At the NewSchools Venture Fund Summit this morning, News Corp. executive and former NYC schools chancellor Joel Klein claimed that "most" teachers believe the traditional teacher credentialing process–coursework and student teaching followed by a state certification exam–is useless.
"Most of the people who've gone through it don't think the credential is valuable," Klein said.
There are very few polls of the American teacher corps, but the surveys that do exist show Klein is mischaracterizing teachers' views. The majority of teachers believe there is value in entering the profession only after studying education and pedagogy both as a student and a student-teacher, and then taking a certification exam. What's more, teachers who do come into the profession through accelerated, alternative-route programs are the most likely to feel unprepared during their first year in the classroom.

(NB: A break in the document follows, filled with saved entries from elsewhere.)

lemma exp_le_power_mult_power:
  fixes B x :: real
  assumes B: "1 \<le> B" and x: "0 \<le> x" "x \<le> 1 / 2"
  shows "exp (- (real m * ln B) - 2 * x * real N) \<le> (1 / B) ^ m * (1 - x) ^ N"
proof -
  have "- x - 2 * x\<^sup>2 \<le> ln (1 - x)" using x by (rule ln_one_minus_pos_lower_bound)
  moreover have "2 * x\<^sup>2 \<le> x"
    using x mult_left_mono[of "2 * x" 1 x] by (simp add: power2_eq_square algebra_simps)
  ultimately have "- 2 * x \<le> ln (1 - x)" by linarith
  then have "real N * (- 2 * x) \<le> real N * ln (1 - x)" by (intro mult_left_mono) auto
  then have "exp (- 2 * x * real N) \<le> exp (real N * ln (1 - x))" by (simp add: mult.commute)
  also have "\<dots> = (1 - x) ^ N" using x by (simp add: exp_of_nat_mult)
  finally have power: "exp (- 2 * x * real N) \<le> (1 - x) ^ N" .
  have "exp (- (real m * ln B)) = (1 / B) ^ m"
    using B by (simp add: exp_minus exp_of_nat_mult power_one_over inverse_eq_divide)
  moreover have "exp (- (real m * ln B) - 2 * x * real N)
                   = exp (- (real m * ln B)) * exp (- 2 * x * real N)"
    by (simp flip: exp_add)
  ultimately have "exp (- (real m * ln B) - 2 * x * real N) = (1 / B) ^ m * exp (- 2 * x * real N)"
    by simp
  also have "\<dots> \<le> (1 / B) ^ m * (1 - x) ^ N"
    using power B by (intro mult_left_mono) auto
  finally show ?thesis .
qed

lemma prob_reaches_ge_exp:
  assumes n: "n \<ge> 1" and T: "T \<le> n" "n - T + 2 \<le> n" and N: "n - T \<le> N"
  shows "exp (- (real (n - T) * ln ((real n + 1) * 2 ^ n)) - 4 * 2 ^ (n - T) * real N / 2 ^ n)
           \<le> measure_pmf.prob (bind_pmf (Omega n N) (PUR_traj n)) {tr. reaches n T tr}"
proof -
  define m where "m = n - T"
  define x where "x = (real n + 1) * 2 ^ m / (real n * 2 ^ n)"
  have x_le: "x \<le> 2 * 2 ^ m / 2 ^ n"
    unfolding x_def using n by (simp add: field_simps)
  have "(2::real) ^ (m + 2) \<le> 2 ^ n" using T unfolding m_def by (intro power_increasing) auto
  then have "2 * 2 ^ m / 2 ^ n \<le> (1::real) / 2" by (simp add: field_simps)
  then have "x \<le> 1 / 2" using x_le by linarith
  then have x: "0 \<le> x" "x \<le> 1 / 2" unfolding x_def by simp_all
  have B: "1 \<le> (real n + 1) * 2 ^ n"
    using mult_mono[of 1 "real n + 1" 1 "2 ^ n"] by (simp add: one_le_power)
  have "2 * x * real N \<le> 2 * (2 * 2 ^ m / 2 ^ n) * real N"
    using x_le by (intro mult_right_mono) auto
  also have "\<dots> = 4 * 2 ^ m * real N / 2 ^ n" by simp
  finally have "exp (- (real m * ln ((real n + 1) * 2 ^ n)) - 4 * 2 ^ m * real N / 2 ^ n)
                  \<le> exp (- (real m * ln ((real n + 1) * 2 ^ n)) - 2 * x * real N)"
    unfolding exp_le_cancel_iff by linarith
  also have "\<dots> \<le> (1 / ((real n + 1) * 2 ^ n)) ^ m * (1 - x) ^ N"
    by (rule exp_le_power_mult_power[OF B x])
  also have "\<dots> \<le> measure_pmf.prob (bind_pmf (Omega n N) (PUR_traj n)) {tr. reaches n T tr}"
  proof -
    have "x \<le> 1" "T \<le> n" using x T by simp_all
    then show ?thesis using prob_reaches_ge[of n T N] n N unfolding x_def m_def by blast
  qed
  finally show ?thesis unfolding m_def .
qed

lemma prob_reaches_ge_exp_sqrt:
  assumes c: "c > 0" and n: "n \<ge> 1"
    and T: "T \<le> n" "real (n - T) \<le> c * sqrt (real n)" "n - T + 2 \<le> n"
    and N: "n - T \<le> N" "real N \<le> c * 2 ^ n"
  shows "exp (- (c * sqrt (real n) * ln ((real n + 1) * 2 ^ n))
              - 4 * c * 2 powr (c * sqrt (real n)))
           \<le> measure_pmf.prob (bind_pmf (Omega n N) (PUR_traj n)) {tr. reaches n T tr}"
proof -
  define m where "m = n - T"
  define B where "B = (real n + 1) * 2 ^ n"
  have "1 \<le> B"
    unfolding B_def using mult_mono[of 1 "real n + 1" 1 "2 ^ n"] by (simp add: one_le_power)
  then have "real m * ln B \<le> c * sqrt (real n) * ln B"
    using T(2) unfolding m_def by (intro mult_right_mono) auto
  moreover have "4 * 2 ^ m * real N / 2 ^ n \<le> 4 * 2 ^ m * (c * 2 ^ n) / 2 ^ n"
    using N by (intro divide_right_mono mult_left_mono) auto
  moreover have "4 * 2 ^ m * (c * 2 ^ n) / 2 ^ n = 4 * c * 2 ^ m" by simp
  moreover have "4 * c * 2 ^ m \<le> 4 * c * 2 powr (c * sqrt (real n))"
    using c T(2) unfolding m_def by (intro mult_left_mono) (simp_all add: powr_realpow[symmetric])
  ultimately have "exp (- (c * sqrt (real n) * ln B) - 4 * c * 2 powr (c * sqrt (real n)))
                     \<le> exp (- (real m * ln B) - 4 * 2 ^ m * real N / 2 ^ n)"
    unfolding exp_le_cancel_iff by linarith
  also have "\<dots> \<le> measure_pmf.prob (bind_pmf (Omega n N) (PUR_traj n)) {tr. reaches n T tr}"
    unfolding m_def B_def by (rule prob_reaches_ge_exp[OF n T(1) T(3) N(1)])
  finally show ?thesis unfolding B_def .
qed

lemma prob_reaches_le_event_E_exp:
  assumes n: "n \<ge> 2" and T: "1 \<le> T" "T \<le> n" and N: "1 \<le> N"
  shows "measure_pmf.prob (bind_pmf (Omega n N) (PUR_traj n)) {tr. reaches n T tr}
           \<le> measure_pmf.prob (bind_pmf (Omega n N) (PUR_traj n)) {tr. event_E n T tr}
             + n * exp (- (real N / (3 * real n)))"
proof -
  define M where "M = nat \<lfloor>2 * real N / real n\<rfloor>"
  have M: "real M \<le> 1 + 2 * (real N - 1) / real T"
  proof -
    have "real M \<le> 2 * real N / real n" unfolding M_def using n by simp
    also have "\<dots> = 2 / real n + 2 * (real N - 1) / real n" using n by (simp add: field_simps)
    also have "\<dots> \<le> 1 + 2 * (real N - 1) / real T"
    proof (intro add_mono)
      show "2 / real n \<le> 1" using n by simp
      show "2 * (real N - 1) / real n \<le> 2 * (real N - 1) / real T"
        using N T by (intro divide_left_mono) auto
    qed
    finally show ?thesis .
  qed
  have "2 * real N / real n \<le> real (Suc M)"
    unfolding M_def by linarith
  then have "(1 + 1 / real n) ^ N / 2 ^ Suc M \<le> exp (- (real N / (3 * real n)))"
    using n by (intro one_plus_inverse_power_div_two_power_le) auto
  then have "real n * (1 + 1 / real n) ^ N / 2 ^ Suc M \<le> real n * exp (- (real N / (3 * real n)))"
    unfolding times_divide_eq_right[symmetric] by (rule mult_left_mono) simp
  moreover have "1 \<le> n" using n by simp
  note prob_reaches_le_event_E[OF this M]
  ultimately show ?thesis by linarith
qed

lemma one_minus_divide_le_divide:
  fixes a b l u :: real
  assumes "0 < l" "l \<le> b" "b \<le> a + u" "0 \<le> u"
  shows "1 - u / l \<le> a / b"
proof -
  have "1 - u / l \<le> 1 - u / b" using assms by (simp add: frac_le)
  also have "\<dots> = (b - u) / b" using assms by (simp add: field_simps)
  also have "\<dots> \<le> a / b" using assms by (simp add: divide_right_mono)
  finally show ?thesis .
qed

text \<open>The bound on the bad event divided by the lower bound on reaching stage t.\<close>

definition error_bound :: "real \<Rightarrow> nat \<Rightarrow> real" where
  "error_bound c n = real n * exp (c * sqrt (real n) * ln ((real n + 1) * 2 ^ n)
      + 4 * c * 2 powr (c * sqrt (real n)) - (c * 2 ^ n - 1) / (3 * real n))"

lemma error_bound_tendsto_0: "c > 0 \<Longrightarrow> error_bound c \<longlonglongrightarrow> 0"
  unfolding error_bound_def by real_asymp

In 2007 Public Agenda surveyed 865 first-year teachers in high-needs schools, some of whom had graduated from traditional teaching programs, others who entered the profession through Teach for America, the New Teacher Project, and Troops to Teachers. Eighty percent of the teachers with traditional training reported feeling prepared during their first year on the job, compared to just 50 percent of the alternative-certification teachers. More than half of alt-route teachers said they hadn't spent enough time training with an experienced mentor teacher; only 20 percent of traditionally-trained teachers felt the same.
That same year, Education Sector, a think tank that supports alternative-certification programs, polled 1,010 teachers on hot-button issues in school reform. While 54 percent of respondents supported efforts to recruit career-changers into teaching, just 43 percent liked the idea of replacing traditional teacher-training and certification with on-the-job "supervision, observation, and mentoring."
"Most" teachers, it turn outs, want more preparation for the classroom, not less.